Не без труда комиссар Блэр разобрался в новых теориях. А так случилось, что Юридическая академия тогда впервые допустила к занятиям женщин, и Блэр счел необходимым ознакомиться с трудами прославленных женщин-теоретиков. И снова он поражался, как они опрокидывают старых теоретиков и даже новых теоретиков-мужчин. Алуна Шултер, например, в «Наших собственных преступлениях» утверждала, что «не только закон, но и теория уголовного права есть по сути мужское изобретение. Ни то, ни другое к преступлениям женщин не применимо». Она и Лина Соклаш в «Те-Она-рии преступления» заявляли, что все идеи, производимые мужским мозгом, неизбежно окрашены гендерными предрассудками. Даже развитие определенных типов преступлений, способных выразить женскую душу, тормозилось из-за опоры на теоретическую предвзятость (Соклач подмечает отсутствие в среде теоретиков-мужчин сколь-нибудь серьезных дискуссий о женском вампиризме или о недавно принятом законодательстве касательно поедания плаценты и плодной оболочки). Она склонялась к «адекватной истории преступлений, совершенных женщинами, — до сего дня эта ниша пустовала, — и подходящей для нее теории, сформулированной женщинами и уважаемой так же, как теории мужского большинства».

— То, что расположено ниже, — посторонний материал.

lemma calP_nth:
  assumes "x \<in> calP N" "N \<ge> 3"
  shows "x \<in> conf N" "x!0 = 1" "x!1 = 1" "x!2 = 1" "x!(N-1) = 0" "x!(N-2) = 0"
    "\<And>i. i+2 < N \<Longrightarrow> x!i = x!(i+1) \<or> x!(i+1) = x!(i+2)"
    "\<And>i. i+3 < N \<Longrightarrow> x!i = x!(i+1) \<or> x!(i+2) = x!(i+3)"
proof -
  show x: "x \<in> conf N" using assms unfolding calP_def by auto
  obtain bs where bs: "admissible_blocks bs" "x = of_blocks bs"
    using assms unfolding calP_def admissible_blocks_def by blast
  obtain t where t: "x = 1#1#1#t" "interior_runs_long x" using of_admissible_blocks[OF bs(1)] bs(2) by auto
  obtain u where u: "x = u @ [0,0]" using of_admissible_blocks_ends_00[OF bs(1)] bs(2) by auto
  show "x!0 = 1" "x!1 = 1" "x!2 = 1" using t by auto
  have "length u = N - 2" using u length_conf[OF x] by simp
  then show "x!(N-1) = 0" "x!(N-2) = 0" using u assms(2) by (auto simp: nth_append)
  show "\<And>i. i+2 < N \<Longrightarrow> x!i = x!(i+1) \<or> x!(i+1) = x!(i+2)"
    using interior_runs_long_nth_3 t(2) length_conf[OF x] by auto
  show "\<And>i. i+3 < N \<Longrightarrow> x!i = x!(i+1) \<or> x!(i+2) = x!(i+3)"
    using interior_runs_long_nth_4 t(2) length_conf[OF x] by auto
qed

subsection \<open>Costs around a configuration of \<open>\<P>\<close>\<close>

definition wall :: "nat list \<Rightarrow> nat \<Rightarrow> bool" where
  "wall z k \<longleftrightarrow> k + 1 < length z \<and> z!k \<noteq> z!(k+1)"

lemma ex_wall: "n < length z \<Longrightarrow> z!0 \<noteq> z!n \<Longrightarrow> \<exists>k. wall z k"
proof (induction n)
  case (Suc n)
  then show ?case unfolding wall_def by (cases "z!0 = z!n") auto
qed simp

locale strong_driving =
  fixes N :: nat and \<kappa> \<mu>L \<mu>R :: real
  assumes N_ge_5: "N \<ge> 5" and muL_gt: "\<mu>L > \<kappa>" and kappa_pos: "\<kappa> > 0" and muR_lt: "\<mu>R < - \<kappa>"
begin

abbreviation "\<phi> \<equiv> phi \<kappa> \<mu>L \<mu>R N"
abbreviation "U \<equiv> Ucost \<kappa> \<mu>L \<mu>R N"
abbreviation "\<Gamma> \<equiv> Gamma \<kappa> \<mu>L \<mu>R N"

definition exit_cost :: real where
  "exit_cost = min (\<kappa>/2) (-(\<mu>R+\<kappa>)/2)"

lemma exit_cost_pos: "exit_cost > 0"
  unfolding exit_cost_def using kappa_pos muR_lt by simp

context
  fixes x assumes x: "x \<in> calP N"
begin

lemma calP_in_conf: "x \<in> conf N"
  and calP_start: "x!0 = 1" "x!1 = 1" "x!2 = 1"
  and calP_end: "x!(N-1) = 0" "x!(N-2) = 0"
  and calP_runs_3: "\<And>i. i+2 < N \<Longrightarrow> x!i = x!(i+1) \<or> x!(i+1) = x!(i+2)"
  and calP_runs_4: "\<And>i. i+3 < N \<Longrightarrow> x!i = x!(i+1) \<or> x!(i+2) = x!(i+3)"
  using calP_nth[OF x] N_ge_5 by auto

lemma length_calP: "length x = N"
  using calP_in_conf length_conf by auto

lemma calP_wall:
  assumes "wall x k"
  shows "2 \<le> k" "k + 2 < N" "x!(k-1) = x!k" "x!(k+2) = x!(k+1)" "x!k \<le> 1" "x!(k+1) \<le> 1"
proof -
  have k: "k+1 < N" "x!k \<noteq> x!(k+1)" using assms length_calP unfolding wall_def by auto
  show "2 \<le> k" using k calP_start by (cases k; cases "k - 1") (auto simp: numeral_2_eq_2)
  show "k + 2 < N"
  proof (rule ccontr)
    assume "\<not> k + 2 < N"
    then have "k = N - 2" "k + 1 = N - 1" using k(1) by auto
    then show False using k(2) calP_end by simp
  qed
  show "x!(k-1) = x!k" using calP_runs_3[of "k-1"] k \<open>2 \<le> k\<close> by auto
  show "x!(k+2) = x!(k+1)" using calP_runs_3[of k] k \<open>k+2 < N\<close> by auto
  show "x!k \<le> 1" "x!(k+1) \<le> 1" using conf_nth_le_1[OF calP_in_conf] k by auto
qed

lemma bond_gain_calP_wall: "wall x k \<Longrightarrow> bond_gain x k = -1"
  using calP_wall[of k] length_calP unfolding bond_gain_def wall_def
  by (auto simp: le_Suc_eq)

lemma adjacent_calP_iff:
  "adjacent N x w \<longleftrightarrow> w = flip x 1 \<or> w = flip x N \<or> (\<exists>k. wall x k \<and> w = exch x k)"
  using adjacent_iff[OF calP_in_conf, of w] N_ge_5 length_calP unfolding wall_def by auto

lemma phi_calP_exch: "wall x k \<Longrightarrow> \<phi> x (exch x k) = - \<kappa> / 2"
  using phi_exch[OF calP_in_conf, of k] bond_gain_calP_wall[of k] length_calP
  unfolding wall_def by auto

lemma phi_calP_flip_first: "\<phi> x (flip x 1) = - \<mu>L / 2 - \<kappa> / 2"
  using phi_flip_first[OF calP_in_conf] N_ge_5 calP_start by simp

lemma phi_calP_flip_last: "\<phi> x (flip x N) = \<mu>R / 2"
  using phi_flip_last[OF calP_in_conf] N_ge_5 calP_end by simp

lemma Gamma_calP: "\<Gamma> x = \<kappa> / 2"
proof -
  obtain k where k: "wall x k"
    using ex_wall[of "N-1" x] length_calP calP_start calP_end N_ge_5 by auto
  have "\<Gamma> x = - (- \<kappa> / 2)"
  proof (rule Gamma_eqI)
    show "\<phi> x w \<le> - \<kappa> / 2" if "adjacent N x w" for w
      using that phi_calP_exch phi_calP_flip_first phi_calP_flip_last muL_gt kappa_pos muR_lt
      unfolding adjacent_calP_iff by auto
    show "adjacent N x (exch x k)" "\<phi> x (exch x k) = - \<kappa> / 2"
      using adjacent_calP_iff phi_calP_exch k by auto
  qed
  then show ?thesis by simp
qed
(* Let $n\ge1$, $q\in\mathbb{C}$ with $0<|q|<1$, and $0<r<\frac{1-|q|}{|1-q|}$. For every $\sigma\in\mathbb{S}_n$, $$\Big(\frac{1}{2\pi i}\Big)^n\oint_{\mathcal{C}_r}\cdots\oint_{\mathcal{C}_r}A_\sigma\prod_{i=1}^n z_i^{-1}\,dz_1\cdots dz_n=q^{\mathrm{inv}(\sigma)},$$ where $\mathrm{inv}(\sigma)$ is the number of inversions of $\sigma$.
   Context: $\mathcal{C}_r$ is the positively oriented circle of radius $r$ centered at $0$. For $1\le\alpha<\beta\le n$ put $S_{\beta\alpha}=-\dfrac{z_\beta-qz_\alpha-(1-q)z_\alpha z_\beta}{z_\alpha-qz_\beta-(1-q)z_\alpha z_\beta}$. An inversion of $\sigma\in\mathbb{S}_n$ is a pair $(\alpha,\beta)$ with $1\le\alpha<\beta\le n$ and $\sigma^{-1}(\beta)<\sigma^{-1}(\alpha)$. $A_\sigma=\prod_{(\alpha,\beta)\text{ inversion of }\sigma}S_{\beta\alpha}$. *)

theory Defs
  imports "HOL-Analysis.Analysis" "HOL-Combinatorics.Permutations"
begin

definition circle_integral :: "real \<Rightarrow> (complex \<Rightarrow> complex) \<Rightarrow> complex" where
  "circle_integral r f =
     integral {0..1} (\<lambda>t::real. f (of_real r * exp (2 * of_real pi * \<i> * of_real t))
                         * (2 * of_real pi * \<i> * of_real r * exp (2 * of_real pi * \<i> * of_real t)))"

text \<open>Iterated contour integral over C_r in the variables z_1, ..., z_k
  (z_1 innermost, z_k outermost); variables are stored in a function nat => complex.\<close>
fun iter_circle_integral :: "real \<Rightarrow> nat \<Rightarrow> ((nat \<Rightarrow> complex) \<Rightarrow> complex) \<Rightarrow> complex" where
  "iter_circle_integral r 0 F = F (\<lambda>_. 0)"
| "iter_circle_integral r (Suc k) F =
     circle_integral r (\<lambda>w. iter_circle_integral r k (\<lambda>z. F (z(Suc k := w))))"

definition S_fac :: "complex \<Rightarrow> (nat \<Rightarrow> complex) \<Rightarrow> nat \<Rightarrow> nat \<Rightarrow> complex" where
  "S_fac q z \<beta> \<alpha> =
     - ((z \<beta> - q * z \<alpha> - (1 - q) * z \<alpha> * z \<beta>) / (z \<alpha> - q * z \<beta> - (1 - q) * z \<alpha> * z \<beta>))"

definition inversions :: "nat \<Rightarrow> (nat \<Rightarrow> nat) \<Rightarrow> (nat \<times> nat) set" where
  "inversions n \<sigma> = {(\<alpha>, \<beta>). 1 \<le> \<alpha> \<and> \<alpha> < \<beta> \<and> \<beta> \<le> n \<and> inv \<sigma> \<beta> < inv \<sigma> \<alpha>}"

definition A_perm :: "complex \<Rightarrow> nat \<Rightarrow> (nat \<Rightarrow> nat) \<Rightarrow> (nat \<Rightarrow> complex) \<Rightarrow> complex" where
  "A_perm q n \<sigma> z = (\<Prod>(\<alpha>, \<beta>)\<in>inversions n \<sigma>. S_fac q z \<beta> \<alpha>)"

end

theory Submission
  imports Defs "HOL-Complex_Analysis.Cauchy_Integral_Formula"
begin

text \<open>Each circle integral is 2 pi i times the mean over the circle of the integrand
  multiplied by the variable, so the claim says that the iterated mean of A_sigma over the
  torus |z_i| = r is q^inv(sigma). The last variable z_n occurs only in the factors
  S_{n alpha}; when |z_alpha| = r, each of them is holomorphic in z_n on the disc of radius
  r / (|q| + |1 - q| r) > r and equals q at z_n = 0. Moving the z_n-mean innermost (Fubini,
  the integrand being continuous on the torus) and applying the mean value property thus
  contributes one factor q per inversion (alpha, n), and induction on n concludes.\<close>

lemma norm_circlepath_0 [simp]: "0 \<le> r \<Longrightarrow> norm (circlepath 0 r t) = r"
  by (simp add: circlepath norm_mult)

Однако независимо от того, были теоретики мужчинами или женщинами, комиссар Блэр обнаружил, что они единодушны в одном вопросе — относительно принципа, который они называли «Смерть Преступника». Если вкратце, теоретики провозглашали, что в прошлом слишком много внимания уделялось таким преступным фигурам, как Джефф-Потрошитель, Северный Душитель и даже квазимифическим бандитам вроде Робински-Гуда. Для сторонников теории подобные преступники и даже их преступления были второстепенны. Подлинными звездами преступления следовало считать крупнейших теоретиков.

* * *

Тут я, видимо, понаднялся что лекция окончена, и сказал:

— Очень интересно, комиссар Блэр. Однако это лишь побудило его продолжать.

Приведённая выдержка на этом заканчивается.